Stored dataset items
BEGIN

(* Let $n\ge2$ and let $G$ be a finite simple graph with independence number $n$. Let $P_G(z)=I_G(z)-1$. If the Julia set $\mathcal{J}(P_G)$ (the independence fractal of $G$) is a circle, then $G=K_n^c$ (the graph on $n$ vertices with no edges) and the circle is $\{z\in\mathbb{C}: |z+1|=1\}$.
   Context: For a finite simple graph $G$, the independence polynomial is $I_G(z)=\sum_{i=0}^{\alpha} a_i z^i$, where $a_i$ is the number of sets of $i$ pairwise non-adjacent vertices and the independence number $\alpha$ is the largest such $i$. $P_G=I_G-1$ is the reduced independence polynomial. For a polynomial $P$ of degree at least two, the Julia set $\mathcal{J}(P)$ is the boundary of $\{z: (P^n(z))_{n>0}\text{ bounded}\}$. For $G\neq K_1$ the independence fractal $\mathcal{F}(G)$ of $G$ equals $\mathcal{J}(P_G)$. *)

theory Defs
  imports "HOL-Analysis.Analysis" "HOL-Computational_Algebra.Polynomial"
begin

text \<open>A finite simple graph: finite vertex set V and a symmetric irreflexive
  adjacency relation E (only its restriction to V matters).\<close>
definition simple_graph :: "'a set \<Rightarrow> ('a \<Rightarrow> 'a \<Rightarrow> bool) \<Rightarrow> bool" where
  "simple_graph V E \<longleftrightarrow> finite V \<and> (\<forall>u v. E u v \<longrightarrow> E v u) \<and> (\<forall>v. \<not> E v v)"

definition independent_set :: "'a set \<Rightarrow> ('a \<Rightarrow> 'a \<Rightarrow> bool) \<Rightarrow> 'a set \<Rightarrow> bool" where
  "independent_set V E S \<longleftrightarrow> S \<subseteq> V \<and> (\<forall>u\<in>S. \<forall>v\<in>S. \<not> E u v)"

END

Exercise objective: Identify each line in the records above that contains the word "mathcal", and copy it out in full.

Written answer:
(* Let $n\ge2$ and let $G$ be a finite simple graph with independence number $n$. Let $P_G(z)=I_G(z)-1$. If the Julia set $\mathcal{J}(P_G)$ (the independence fractal of $G$) is a circle, then $G=K_n^c$ (the graph on $n$ vertices with no edges) and the circle is $\{z\in\mathbb{C}: |z+1|=1\}$.
   Context: For a finite simple graph $G$, the independence polynomial is $I_G(z)=\sum_{i=0}^{\alpha} a_i z^i$, where $a_i$ is the number of sets of $i$ pairwise non-adjacent vertices and the independence number $\alpha$ is the largest such $i$. $P_G=I_G-1$ is the reduced independence polynomial. For a polynomial $P$ of degree at least two, the Julia set $\mathcal{J}(P)$ is the boundary of $\{z: (P^n(z))_{n>0}\text{ bounded}\}$. For $G\neq K_1$ the independence fractal $\mathcal{F}(G)$ of $G$ equals $\mathcal{J}(P_G)$. *)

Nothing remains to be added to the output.